The last difference between us is probably the biggest. It’s what we did the year after our races were over. My signature issue was lowering prescription drug costs and in running I made a wide array of contacts among representatives on both sides of the aisle. So in 2019 I took off my candidate hat and put on my advocate hat. I helped shape and get bipartisan support for HB 19–1216, a first of it’s kind Rx price control bill capping insulin copayments in Colorado. Talking about this issue with Republican voters for half a year was great practice for talking to Republican legislators. Other states swiftly copied it and if it survives the Supreme Court it will be applied to more drugs than just insulin allowing states to regulate drug prices in their borders. While that was happening AOC was sworn in as a federal congresswoman, got a staff, access to other legislators, and the ability to call any expert in the nation and have them rush to answer her questions. She used these assets to increase her social media presence. She passed zero bills. And her inflammatory rhetoric became a staple of GOP campaign ads in 2020. The targets of those attack ads are understandably angry with AOC when the GOP holds her tweets against them.
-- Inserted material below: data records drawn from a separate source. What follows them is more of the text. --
lemma ET_eq_0_if_not_measurable:
  assumes "g \<notin> borel_measurable borel"
  shows "ET \<mu> B g = 0"
proof -
  have "sets (Tlaw \<mu> B) = sets borel" by (simp add: Tlaw_def)
  then have "\<not> integrable (Tlaw \<mu> B) g"
    using assms measurable_cong_sets[of "Tlaw \<mu> B" borel] by blast
  then show ?thesis unfolding ET_def by (rule not_integrable_integral_eq)
qed

locale semi_markov_kernel =
  fixes M :: nat and S :: "nat \<Rightarrow> 'a::metric_space set"
    and Q :: "real \<Rightarrow> 'a \<Rightarrow> ('a \<times> real) measure" and \<epsilon> :: real
  assumes prob_space_Q: "\<And>y. prob_space (Q \<epsilon> y)"
    and sets_Q: "\<And>y. sets (Q \<epsilon> y) = sets (borel \<Otimes>\<^sub>M borel)"
    and emeasure_Q_measurable:
      "\<And>A. A \<in> sets (borel \<Otimes>\<^sub>M borel) \<Longrightarrow> (\<lambda>y. emeasure (Q \<epsilon> y) A) \<in> borel_measurable borel"
    and S_borel: "\<And>i. i \<in> {1..M} \<Longrightarrow> S i \<in> sets borel"
begin

lemma measurable_Q: "measurable (Q \<epsilon> y) N = measurable (borel \<Otimes>\<^sub>M borel) N"
  using sets_Q by (rule measurable_cong_sets) simp

lemma space_Q: "space (Q \<epsilon> y) = UNIV"
  using sets_eq_imp_space_eq[OF sets_Q] by (simp add: space_pair_measure)

lemma borel_measurable_Pk_S: "k \<in> {1..M} \<Longrightarrow> (\<lambda>y. Pk (Q \<epsilon> y) (S k)) \<in> borel_measurable borel"
  unfolding Pk_def measure_def using emeasure_Q_measurable S_borel
  by (intro borel_measurable_enn2real) auto

lemma emeasure_Qbar:
  assumes j: "j \<in> {1..M}" and C: "C \<in> sets ((borel \<Otimes>\<^sub>M count_space UNIV) \<Otimes>\<^sub>M borel)"
  shows "emeasure (Qbar M S Q \<epsilon> (x, j)) C =
    (\<integral>\<^sup>+z. (\<Sum>k\<in>{1..M}. indicator C ((fst z, k), snd z) *
       (indicator (S j) (fst z) * ennreal (Pk (Q \<epsilon> (fst z)) (S k) / Pk (Q \<epsilon> x) (S j)))) \<partial>Q \<epsilon> x)"
proof -
  let ?\<Omega> = "(borel \<Otimes>\<^sub>M count_space UNIV) \<Otimes>\<^sub>M borel :: (('a \<times> nat) \<times> real) measure"
  have "Qbar M S Q \<epsilon> (x, j) = measure_of (space ?\<Omega>) (sets ?\<Omega>)
    (\<lambda>C. \<integral>\<^sup>+z. (\<Sum>k\<in>{1..M}. indicator C ((fst z, k), snd z) *
       (indicator (S j) (fst z) * ennreal (Pk (Q \<epsilon> (fst z)) (S k) / Pk (Q \<epsilon> x) (S j)))) \<partial>Q \<epsilon> x)"
    by (simp add: Qbar_def space_pair_measure mult.assoc)
  also have "emeasure \<dots> C = (\<integral>\<^sup>+z. (\<Sum>k\<in>{1..M}. indicator C ((fst z, k), snd z) *
       (indicator (S j) (fst z) * ennreal (Pk (Q \<epsilon> (fst z)) (S k) / Pk (Q \<epsilon> x) (S j)))) \<partial>Q \<epsilon> x)"
    using borel_measurable_Pk_S S_borel[OF j] C
    by (intro emeasure_measure_of_sum_pushforward) (auto simp: measurable_Q)
  finally show ?thesis .
qed

lemma sets_Qbar: "sets (Qbar M S Q \<epsilon> xj) = sets ((borel \<Otimes>\<^sub>M count_space UNIV) \<Otimes>\<^sub>M borel)"
  using sets.sigma_sets_eq[of "(borel \<Otimes>\<^sub>M count_space UNIV) \<Otimes>\<^sub>M borel"]
  by (simp add: Qbar_def space_pair_measure)

definition Qbar_weight :: "'a \<Rightarrow> nat \<Rightarrow> nat \<Rightarrow> 'a \<times> real \<Rightarrow> real" where
  "Qbar_weight x b c z = indicator (S b \<times> {0..}) z * (Pk (Q \<epsilon> (fst z)) (S c) / Pk (Q \<epsilon> x) (S b))"

lemma Qbar_weight_measurable: "b \<in> {1..M} \<Longrightarrow> c \<in> {1..M} \<Longrightarrow> Qbar_weight x b c \<in> borel_measurable (Q \<epsilon> y)"
  unfolding Qbar_weight_def measurable_Q using borel_measurable_Pk_S S_borel by measurable

lemma Qbar_weight_nonneg: "0 \<le> Qbar_weight x b c z"
  by (simp add: Qbar_weight_def Pk_def)

lemma Qbar_restrict_eq_distr:
  assumes b: "b \<in> {1..M}" and c: "c \<in> {1..M}"
  shows "density (Qbar M S Q \<epsilon> (x, b)) (indicator ((S b \<times> {c}) \<times> {0..})) =
    distr (density (Q \<epsilon> x) (\<lambda>z. ennreal (Qbar_weight x b c z)))
      ((borel \<Otimes>\<^sub>M count_space UNIV) \<Otimes>\<^sub>M borel) (\<lambda>z. ((fst z, c), snd z))"
    (is "density ?Qbar (indicator ?D) = distr ?\<nu> ?\<Omega> ?F")
proof (rule measure_eqI)
  show "sets (density ?Qbar (indicator ?D)) = sets (distr ?\<nu> ?\<Omega> ?F)"
    by (simp add: sets_Qbar)
  fix C assume "C \<in> sets (density ?Qbar (indicator ?D))"
  then have C: "C \<in> sets ?\<Omega>" by (simp add: sets_Qbar)
  have D: "?D \<in> sets ?\<Omega>" using S_borel[OF b] by measurable
  have F: "?F \<in> measurable (Q \<epsilon> x) ?\<Omega>" unfolding measurable_Q by measurable
  have F_C: "?F -` C \<in> sets (Q \<epsilon> x)" using measurable_sets[OF F C] by (simp add: space_Q)
  have collapse: "(\<Sum>k\<in>{1..M}. indicator (?D \<inter> C) ((fst z, k), snd z) *
       (indicator (S b) (fst z) * ennreal (Pk (Q \<epsilon> (fst z)) (S k) / Pk (Q \<epsilon> x) (S b))))
     = ennreal (Qbar_weight x b c z) * indicator (?F -` C) z" for z
  proof -
    have "indicator (?D \<inter> C) ((fst z, k), snd z) *
       (indicator (S b) (fst z) * ennreal (Pk (Q \<epsilon> (fst z)) (S k) / Pk (Q \<epsilon> x) (S b)))
     = (if k = c then ennreal (Qbar_weight x b c z) * indicator (?F -` C) z else 0)" for k
      by (cases z) (auto simp: Qbar_weight_def indicator_def)
    then show ?thesis using c by simp
  qed
  have "emeasure (density ?Qbar (indicator ?D)) C = emeasure ?Qbar (?D \<inter> C)"
    using D C by (simp add: emeasure_restricted sets_Qbar)
  also have "\<dots> = (\<integral>\<^sup>+z. ennreal (Qbar_weight x b c z) * indicator (?F -` C) z \<partial>Q \<epsilon> x)"
    using D C by (simp only: emeasure_Qbar[OF b] sets.Int collapse)
  also have "\<dots> = emeasure (distr ?\<nu> ?\<Omega> ?F) C"
    using F C F_C Qbar_weight_measurable[OF b c] by (simp add: emeasure_distr emeasure_density space_Q)
  finally show "emeasure (density ?Qbar (indicator ?D)) C = emeasure (distr ?\<nu> ?\<Omega> ?F) C" .
qed

lemma Tlaw_Qbar:
  assumes b: "b \<in> {1..M}" and c: "c \<in> {1..M}"
  shows "Tlaw (Qbar M S Q \<epsilon> (x, b)) (S b \<times> {c}) = weighted_time_law (Q \<epsilon> x) (Qbar_weight x b c)"
proof -
  let ?Qbar = "Qbar M S Q \<epsilon> (x, b)" and ?D = "(S b \<times> {c}) \<times> {0::real..}"
    and ?\<nu> = "density (Q \<epsilon> x) (\<lambda>z. ennreal (Qbar_weight x b c z))"
    and ?\<Omega> = "(borel \<Otimes>\<^sub>M count_space UNIV) \<Otimes>\<^sub>M borel :: (('a \<times> nat) \<times> real) measure"
    and ?F = "\<lambda>z :: 'a \<times> real. ((fst z, c), snd z)"
  have D: "?D \<in> sets ?Qbar" using S_borel[OF b] unfolding sets_Qbar by measurable
  have F: "?F \<in> measurable ?\<nu> ?\<Omega>" unfolding measurable_density_eq1 measurable_Q by measurable
  have restrict: "density ?Qbar (\<lambda>z. ennreal (indicator ?D z)) = distr ?\<nu> ?\<Omega> ?F"
    using Qbar_restrict_eq_distr[OF b c] by (simp add: ennreal_indicator)
  have "integral\<^sup>L ?Qbar (indicator ?D) = integral\<^sup>L (density ?Qbar (\<lambda>z. ennreal (indicator ?D z))) (\<lambda>_. 1::real)"
    using D by (subst integral_density) auto
  also have "\<dots> = integral\<^sup>L ?\<nu> (\<lambda>_. 1)"
    unfolding restrict using F by (rule integral_distr) simp
  also have "\<dots> = integral\<^sup>L (Q \<epsilon> x) (Qbar_weight x b c)"
    using Qbar_weight_measurable[OF b c] Qbar_weight_nonneg by (subst integral_density) auto
  finally have mass: "integral\<^sup>L ?Qbar (indicator ?D) = integral\<^sup>L (Q \<epsilon> x) (Qbar_weight x b c)" .
  have "distr (density ?Qbar (\<lambda>z. ennreal (indicator ?D z))) borel snd = distr ?\<nu> borel snd"
    unfolding restrict using F by (simp add: distr_distr comp_def)
  then show ?thesis
    using Tlaw_eq_weighted_time_law[OF D] mass by (simp add: weighted_time_law_def)
qed

lemma ET_Qbar_eq:
  assumes b: "b \<in> {1..M}" and c: "c \<in> {1..M}" and g_meas: "g \<in> borel_measurable borel"
  shows "ET (Qbar M S Q \<epsilon> (x, b)) (S b \<times> {c}) g =
    (\<integral>z. Qbar_weight x b c z * g (snd z) \<partial>Q \<epsilon> x) / integral\<^sup>L (Q \<epsilon> x) (Qbar_weight x b c)"
  unfolding ET_def Tlaw_Qbar[OF b c]
  using Qbar_weight_measurable[OF b c] Qbar_weight_nonneg g_meas
  by (intro integral_weighted_time_law) (auto simp: measurable_Q)

lemma ET_Qbar_close_ET:
  assumes b: "b \<in> {1..M}" and c: "c \<in> {1..M}" and P_pos: "0 < Pk (Q \<epsilon> x) (S b)" and p: "0 < p"
    and close: "\<And>y. y \<in> S b \<Longrightarrow> \<bar>Pk (Q \<epsilon> y) (S c) / p - 1\<bar> \<le> \<delta>" and \<delta>: "\<delta> \<le> 1/2"
    and g_bound: "\<And>t. 0 \<le> t \<Longrightarrow> \<bar>g t\<bar> \<le> B"
  shows "\<bar>ET (Qbar M S Q \<epsilon> (x, b)) (S b \<times> {c}) g - ET (Q \<epsilon> x) (S b) g\<bar> \<le> 4 * B * \<delta>"
proof (cases "g \<in> borel_measurable borel")
  case False
  (* g is only controlled on [0, \<infinity>), so it need not be Borel; then both sides are the junk value 0. *)
  obtain y where "y \<in> S b" using P_pos by (cases "S b = {}") (auto simp: Pk_def)
  then have "0 \<le> \<delta>" using order.trans[OF abs_ge_zero close] by blast
  moreover have "0 \<le> B" using order.trans[OF abs_ge_zero g_bound[of 0]] by simp
  ultimately show ?thesis using False by (simp add: ET_eq_0_if_not_measurable)
next
  case g_meas: True
  interpret prob_space "Q \<epsilon> x" by (rule prob_space_Q)
  define U where "U = (indicator (S b \<times> {0..}) :: 'a \<times> real \<Rightarrow> real)"
  define k where "k = Pk (Q \<epsilon> x) (S b) / p"
  have Sb: "S b \<times> {0..} \<in> sets (Q \<epsilon> x)" using S_borel[OF b] unfolding sets_Q by measurable
  have snd_meas: "snd \<in> measurable (Q \<epsilon> x) borel" unfolding measurable_Q by measurable
  have U_int: "integral\<^sup>L (Q \<epsilon> x) U = Pk (Q \<epsilon> x) (S b)"
    using Sb by (simp add: U_def Pk_def)
  have weight_close: "\<bar>k * Qbar_weight x b c z - U z\<bar> \<le> \<delta> * U z" for z
    using close[of "fst z"] P_pos p by (cases z) (auto simp: Qbar_weight_def U_def k_def indicator_def)
  have G_bound: "\<bar>g (snd z)\<bar> \<le> B" if "U z \<noteq> 0" for z
    using that g_bound by (auto simp: U_def indicator_def)
  show ?thesis
    unfolding ET_Qbar_eq[OF b c g_meas] ET_eq_weighted_average[OF Sb snd_meas g_meas] U_def[symmetric]
  proof (rule weighted_average_perturbation[OF _ _ _ _ _ _ weight_close G_bound \<delta>])
    show "integrable (Q \<epsilon> x) U" using Sb by (simp add: U_def less_top[symmetric])
    show "0 < integral\<^sup>L (Q \<epsilon> x) U" using P_pos U_int by simp
    show "0 < k" using P_pos p by (simp add: k_def)
  qed (use snd_meas g_meas Qbar_weight_measurable[OF b c] in \<open>auto simp: U_def\<close>)
qed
Anger I am entirely sympathetic with.
I know exactly how hard it is to run blue in a red district. How many postcards I can write before the ache in my hand starts making them illegible. The twinge in my hip I still have — 2 years later — from the repetitive stress of kneeling to slip flier after flier under a door mat. The compromises you have to make to earn the support of right leaning voters. The vulnerability of putting yourself out there. The lost income and awkwardness of explaining your employment gap afterwards. If I had made it and then got hit with AOC themed attack ads in 2020 … well lets just say Rep Spanberger is a soft cuddly teddy bear compared to me.
Rep Ocasio-Cortez, You have squandered every opportunity that elected office provided you. Majorities are made or broken in the middle. It is the centrists, not the extremists, who chart out the limits of the possible. And no, we don’t give you what you want. But what we give you is all you will ever get. The moderate seats you endanger with your theatrics are vastly more important than you are. Get off social media. Do your job. Maybe try passing an actual bill or two? If all you want to do is tweet you don’t have to hold elected office for that. If you aren’t going to resign then you need to up your game to be worthy of that seat. Look at Sharice Davids. She passed 10 bills in the last two years. Bills that made a difference. Be more like her.